Mumbai: India, the Philippines and Thailand will likely stand to lose the most in Asia as a sustained increase in oil prices fans inflation, slows growth and weakens their currencies, according to Nomura Holdings.
Those impacts in Asia from Russia’s Ukraine invasion will be felt mostly through commodities, specifically fuel and food, while other factors outside the conflict will also keep prices sustained.
A 10 per cent rise in oil prices could add 0.4 percentage points to inflation in India and the Philippines, and 0.3 percentage points in Thailand, as transportation and utility costs surge, the analysts wrote.

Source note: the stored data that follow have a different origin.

(* For $n\ge 1$ and all $k\ge 0$, $$P(n+1,k)=(n+1-k)S(n,k),$$ equivalently $P_{n+1}(x)=(n+1)S_n(x)-xS_n'(x)$. Furthermore, for $n\ge1$ and $0\le k\le\lfloor n/2\rfloor$, $$P(n+1,k)=\frac{(k+1)(n-k+1)}{n-k}P(n,k)+(n-2k+1)P(n,k-1).$$ In particular, $P(n,0)=n$ and $P(n,1)=(n-1)(2^{n-1}-n)$ for $n\ge 1$.
   Context: For a permutation $\pi$ of $[n]=\{1,\dots,n\}$, ${\rm des}(\pi)=\#\{i\in[n-1]:\pi(i)>\pi(i+1)\}$. A double descent is an index $i\in[n-2]$ with $\pi(i)>\pi(i+1)>\pi(i+2)$; $\pi$ is simsun if for every $k\in[n]$ the subword of $\pi$ consisting of the letters in $[k]$ (in order of appearance) has no double descents. Let $\mathcal{RS}_n$ be the set of simsun permutations of $[n]$, $S(n,k)=\#\{\pi\in\mathcal{RS}_n:{\rm des}(\pi)=k\}$, $S_n(x)=\sum_kS(n,k)x^k$. An interior peak of $\pi$ is an index $i\in\{2,\dots,n-1\}$ with $\pi(i-1)<\pi(i)>\pi(i+1)$; ${\rm pk}(\pi)$ is their number. Let $P(n,k)=\#\{\pi\in\mathcal{RS}_n:{\rm pk}(\pi)=k\}$ (with $P(n,-1)=0$) and $P_n(x)=\sum_kP(n,k)x^k$. *)

theory Defs
  imports Complex_Main "HOL-Computational_Algebra.Polynomial"
begin

text \<open>Permutations of [n] = {1..n} in one-line notation, as lists (0-based positions).\<close>
definition perms_of :: "nat \<Rightarrow> nat list set" where
  "perms_of n = {xs. distinct xs \<and> set xs = {1..n}}"

definition des :: "nat list \<Rightarrow> nat" where
  "des xs = card {i. i + 1 < length xs \<and> xs ! i > xs ! (i + 1)}"

definition has_double_descent :: "nat list \<Rightarrow> bool" where
  "has_double_descent xs \<longleftrightarrow>
     (\<exists>i. i + 2 < length xs \<and> xs ! i > xs ! (i + 1) \<and> xs ! (i + 1) > xs ! (i + 2))"

definition simsun :: "nat \<Rightarrow> nat list \<Rightarrow> bool" where
  "simsun n xs \<longleftrightarrow> (\<forall>k\<in>{1..n}. \<not> has_double_descent (filter (\<lambda>x. x \<le> k) xs))"

definition RS :: "nat \<Rightarrow> nat list set" where
  "RS n = {xs \<in> perms_of n. simsun n xs}"

definition pk :: "nat list \<Rightarrow> nat" where
  "pk xs = card {i. 0 < i \<and> i + 1 < length xs \<and> xs ! (i - 1) < xs ! i \<and> xs ! i > xs ! (i + 1)}"

definition S :: "nat \<Rightarrow> nat \<Rightarrow> nat" where
  "S n k = card {xs \<in> RS n. des xs = k}"

definition P :: "nat \<Rightarrow> nat \<Rightarrow> nat" where
  "P n k = card {xs \<in> RS n. pk xs = k}"

text \<open>P(n,k-1) with the convention P(n,-1) = 0.\<close>
definition Pprev :: "nat \<Rightarrow> nat \<Rightarrow> nat" where
  "Pprev n k = (if k = 0 then 0 else P n (k - 1))"

definition S_poly :: "nat \<Rightarrow> int poly" where
  "S_poly n = (\<Sum>k\<le>n. monom (int (S n k)) k)"

definition P_poly :: "nat \<Rightarrow> int poly" where
  "P_poly n = (\<Sum>k\<le>n. monom (int (P n k)) k)"

end

theory Submission
  imports Defs
begin

text \<open>
  Every simsun permutation of [n+1] arises in exactly one way by inserting n+1 into a simsun
  permutation of [n] at a slot that does not split a descent. Having no double descents, a
  simsun permutation has as descents exactly its interior peaks plus possibly position 0, so
  des = pk + [it starts with a descent]. Refining P(n,k) into Pdes0 n k True and Pdes0 n k False
  according to whether the permutation starts with a descent, insertion of the maximum gives
  linear recurrences for the two parts, and by induction
  (k+1) Pdes0 n k True = (n-1-2k) Pdes0 n k False. Since P(n,k) is the sum of the two parts and
  S(n,k) = Pdes0 n k False + Pdes0 n (k-1) True, every claim is a linear consequence.
\<close>

definition insert_at :: "nat list \<Rightarrow> nat \<Rightarrow> nat \<Rightarrow> nat list" where
  "insert_at xs j m = take j xs @ m # drop j xs"

definition descents :: "nat list \<Rightarrow> nat set" where
  "descents xs = {i. i + 1 < length xs \<and> xs ! i > xs ! (i + 1)}"

definition peaks :: "nat list \<Rightarrow> nat set" where
  "peaks xs = {i. 0 < i \<and> i + 1 < length xs \<and> xs ! (i - 1) < xs ! i \<and> xs ! i > xs ! (i + 1)}"

lemma des_eq_card_descents: "des xs = card (descents xs)"
  by (simp add: des_def descents_def)

lemma pk_eq_card_peaks: "pk xs = card (peaks xs)"
  by (simp add: pk_def peaks_def)

lemma finite_descents [simp]: "finite (descents xs)"
  by (rule finite_subset[of _ "{..<length xs}"]) (auto simp: descents_def)

lemma finite_peaks [simp]: "finite (peaks xs)"
  by (rule finite_subset[of _ "{..<length xs}"]) (auto simp: peaks_def)

lemma length_insert_at [simp]: "j \<le> length xs \<Longrightarrow> length (insert_at xs j m) = Suc (length xs)"
  by (simp add: insert_at_def)

lemma nth_insert_at:
  assumes "j \<le> length xs" "i \<le> length xs"
  shows "insert_at xs j m ! i = (if i < j then xs ! i else if i = j then m else xs ! (i - 1))"
proof -
  consider "i < j" | "i = j" | "j < i" by linarith
  then show ?thesis
  proof cases
    case 3
    then obtain d where "i = Suc (j + d)" using less_imp_Suc_add by blast
    then show ?thesis using assms by (simp add: insert_at_def nth_append)
  qed (use assms in \<open>simp_all add: insert_at_def nth_append\<close>)
qed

India is expected to suffer the biggest blow to economic growth, dragging it down by 0.2 percentage points, while Philippines and Thailand will see a hit of 0.1 percentage points.

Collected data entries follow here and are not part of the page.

lemma G_pm_bi_lipschitz_symmetrization:
  fixes f :: "real^'n^'d \<Rightarrow> real^'m" and \<psi> :: "real^'m \<Rightarrow> real^'m \<Rightarrow> real^'k"
    and R :: "real^'d^'d"
  assumes f: "bi_lipschitz_wrt (d_G G_plus) f"
    and R: "orthogonal_matrix R" "det R = -1" "R ** R = mat 1"
    and \<psi>: "psi_bi_lipschitz \<psi>"
  shows "bi_lipschitz_wrt (d_G G_pm) (\<lambda>X. \<psi> (f X) (f (R ** X)))"
proof -
  obtain cf Cf where cf: "0 < cf" "cf \<le> Cf"
    and f_bounds: "\<And>X Y. norm (f X - f Y) \<in> {cf * d_G G_plus X Y..Cf * d_G G_plus X Y}"
    using f unfolding bi_lipschitz_wrt_def atLeastAtMost_iff by blast
  obtain cp Cp where cp: "0 < cp" "cp \<le> Cp"
    and \<psi>_bounds: "\<And>a b a' b'. norm (\<psi> a b - \<psi> a' b') \<in>
      {cp * min (norm (a - a') + norm (b - b')) (norm (a - b') + norm (b - a'))..
       Cp * min (norm (a - a') + norm (b - b')) (norm (a - b') + norm (b - a'))}"
    using \<psi> unfolding psi_bi_lipschitz_def Let_def atLeastAtMost_iff by blast
  have bounds: "2 * cp * cf * d_G G_pm X Y \<le> norm (\<psi> (f X) (f (R ** X)) - \<psi> (f Y) (f (R ** Y)))
      \<and> norm (\<psi> (f X) (f (R ** X)) - \<psi> (f Y) (f (R ** Y))) \<le> 2 * Cp * Cf * d_G G_pm X Y"
    for X Y :: "real^'n^'d"
  proof -
    define \<delta> where "\<delta> = min (norm (f X - f Y) + norm (f (R ** X) - f (R ** Y)))
      (norm (f X - f (R ** Y)) + norm (f (R ** X) - f Y))"
    have straight: "norm (f (R ** X) - f (R ** Y)) \<in> {cf * d_G G_plus X Y..Cf * d_G G_plus X Y}"
      using f_bounds[of "R ** X" "R ** Y"] d_G_plus_orthogonal_matrix_mult[OF R(1), of X Y] by simp
    have crossed: "norm (f (R ** X) - f Y) \<in>
        {cf * d_G G_plus X (R ** Y)..Cf * d_G G_plus X (R ** Y)}"
      using f_bounds[of "R ** X" Y] d_G_plus_orthogonal_matrix_mult[OF R(1), of X "R ** Y"] R(3)
      by (simp add: matrix_mul_assoc)
    have "2 * cf * d_G G_pm X Y \<le> \<delta>" "\<delta> \<le> 2 * Cf * d_G G_pm X Y"
      using min_sum_pairs_bounds[OF _ f_bounds straight f_bounds crossed] cf
      unfolding \<delta>_def d_G_pm_eq_min[OF R(1,2)] by simp_all
    then have "cp * (2 * cf * d_G G_pm X Y) \<le> cp * \<delta>" "Cp * \<delta> \<le> Cp * (2 * Cf * d_G G_pm X Y)"
      using cp by (simp_all add: mult_left_mono)
    then show ?thesis
      using \<psi>_bounds[of "f X" "f (R ** X)" "f Y" "f (R ** Y)"] unfolding \<delta>_def
      by (auto simp: ac_simps)
  qed
  have "cp * cf \<le> Cp * Cf"
    using cp cf by (intro mult_mono) auto
  then show ?thesis
    unfolding bi_lipschitz_wrt_def using cp cf bounds
    by (intro exI[of _ "2 * cp * cf"] exI[of _ "2 * Cp * Cf"]) auto
qed

theorem proposition1:
  fixes f :: "real^'n^'d \<Rightarrow> real^'m"
    and \<psi> :: "real^'m \<Rightarrow> real^'m \<Rightarrow> real^'k"
    and R0 :: "real^'d^'d"
  assumes f_inv: "G_invariant G_plus f"
    and f_bilip: "bi_lipschitz_wrt (d_G G_plus) f"
    and R0_orth: "orthogonal_matrix R0"
    and R0_det: "det R0 = -1"
    and R0_sq: "R0 ** R0 = mat 1"
    and \<psi>_swap: "\<And>a b. \<psi> a b = \<psi> b a"
    and \<psi>_bilip: "psi_bi_lipschitz \<psi>"
  shows "G_invariant G_pm (\<lambda>X. \<psi> (f X) (f (R0 ** X)))
       \<and> bi_lipschitz_wrt (d_G G_pm) (\<lambda>X. \<psi> (f X) (f (R0 ** X)))"
  using G_pm_invariant_symmetrization[where \<psi> = \<psi>, OF f_inv R0_orth R0_det \<psi>_swap]
    G_pm_bi_lipschitz_symmetrization[OF f_bilip R0_orth R0_det R0_sq \<psi>_bilip]
  by blast

end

Commodities giant Indonesia would be a relative beneficiary, with a 0.05 percentage point growth boost due to its exports of palm oil, gas and coal.

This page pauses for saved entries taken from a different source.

lemma prob_alive_le:
  assumes vs: "valid_strategy n T d g \<delta> S" and "n \<ge> 2" and "g > 0" and "g^2 \<le> max_step_var"
    and "\<epsilon> > 0" and "0 \<le> \<delta>" and "\<delta> \<le> 1 - \<epsilon>"
    and T: "6 / (\<epsilon> * g^2) * real n * ln (real n) \<le> T"
  shows "measure_pmf.prob (pmf_of_set (sign_seqs T d)) {r. alive n d g S r T \<noteq> {}}
    \<le> (1 / dead_val) / (real n)^2"
proof -
  let ?O = "sign_seqs T d" and ?B = "\<lambda>i. {r. 3 * ln (real n) \<le> acc_var d g S r T i}"
  have "?O \<inter> {r. alive n d g S r T \<noteq> {}} \<subseteq> (\<Union>i<n. ?B i)"
    using exists_acc_var_ge_log[OF vs _ _ assms(3,5-8)] by blast
  moreover have "real (card (?O \<inter> ?B i)) \<le> 1 / (real n ^ 3 * dead_val) * card ?O" if "i < n" for i
  proof -
    have "3 * ln (real n) = ln (real n ^ 3)"
      using assms(2) by (simp add: ln_realpow)
    then have "exp (3 * ln (real n)) = real n ^ 3"
      using assms(2) by simp
    then have "real (card (?O \<inter> ?B i)) * (real n ^ 3 * dead_val) \<le> card ?O"
      using card_acc_var_ge_le[OF vs that assms(4), of "3 * ln (real n)"] by (simp add: Int_def)
    then show ?thesis
      using assms(2) dead_val_pos by (simp add: field_simps)
  qed
  ultimately have "measure_pmf.prob (pmf_of_set ?O) {r. alive n d g S r T \<noteq> {}}
      \<le> n * (1 / (real n ^ 3 * dead_val))"
    by (intro prob_pmf_of_set_le_union_bound) auto
  also have "\<dots> = (1 / dead_val) / (real n)^2"
    using assms(2) by (simp add: field_simps power2_eq_square power3_eq_cube)
  finally show ?thesis .
qed

lemma step_size_pos:
  assumes "n \<ge> 2" "m \<ge> 1"
  shows "step_size n m > 0"
proof -
  have "1 * 2 \<le> real m * real n"
    using assms by (intro mult_mono) auto
  then show ?thesis
    unfolding step_size_def using assms by simp
qed

lemma step_size_le:
  assumes "n \<ge> 2" "m \<ge> 1"
  shows "step_size n m \<le> 1 / (real n * ln 2)"
proof -
  have "1 * 2 \<le> real m * real n"
    using assms by (intro mult_mono) auto
  then have "ln 2 \<le> ln (real m * real n)"
    by simp
  moreover have "real n * 1 \<le> real n ^ 10 * real m ^ 4"
    using assms by (intro mult_mono self_le_power) auto
  ultimately have "real n * ln 2 \<le> real n ^ 10 * real m ^ 4 * ln (real m * real n)"
    by (intro mult_mono) auto
  moreover have "0 < real n * ln 2"
    using assms by simp
  ultimately show ?thesis
    unfolding step_size_def by (intro divide_left_mono) auto
qed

“Most Asian consumers have not yet fully recovered from the pandemic and have lower savings, so higher inflation can squeeze real disposable incomes and weaken the incipient consumption recovery,” Nomura said. “We also see risk to corporate profit margins, as the entire input cost burden is unlikely to be passed on to consumers.”
Not just about Russia
While escalating Russia-Ukraine tensions have pushed Brent oil about $100 a barrel, it would be a “mistake” to ignore other factors that could drive a more sustained increase in prices, such as a rebound of travel demand and inadequate investment in fossil fuels, according to the report.
This has knock-on effects on food prices due to costlier gas, fertilizer and feedstock, which bodes poorly for Asian economies in aggregate.
Nomura expects central banks in developed Asia to tighten policies to nip the threat to their recovering economies. Others will likely prioritize still-weak growth, with Indonesia and the Philippines seen hiking rates only later this year while Thailand stays on hold.
India, which has reiterated its dovish signals, could see inflation “surprise decisively” at 5.8 per cent in 2023 against the central bank’s 4.5 per cent forecast, Nomura said. This could force a pivot in June and 100 basis points of cumulative repo rate hikes in 2022.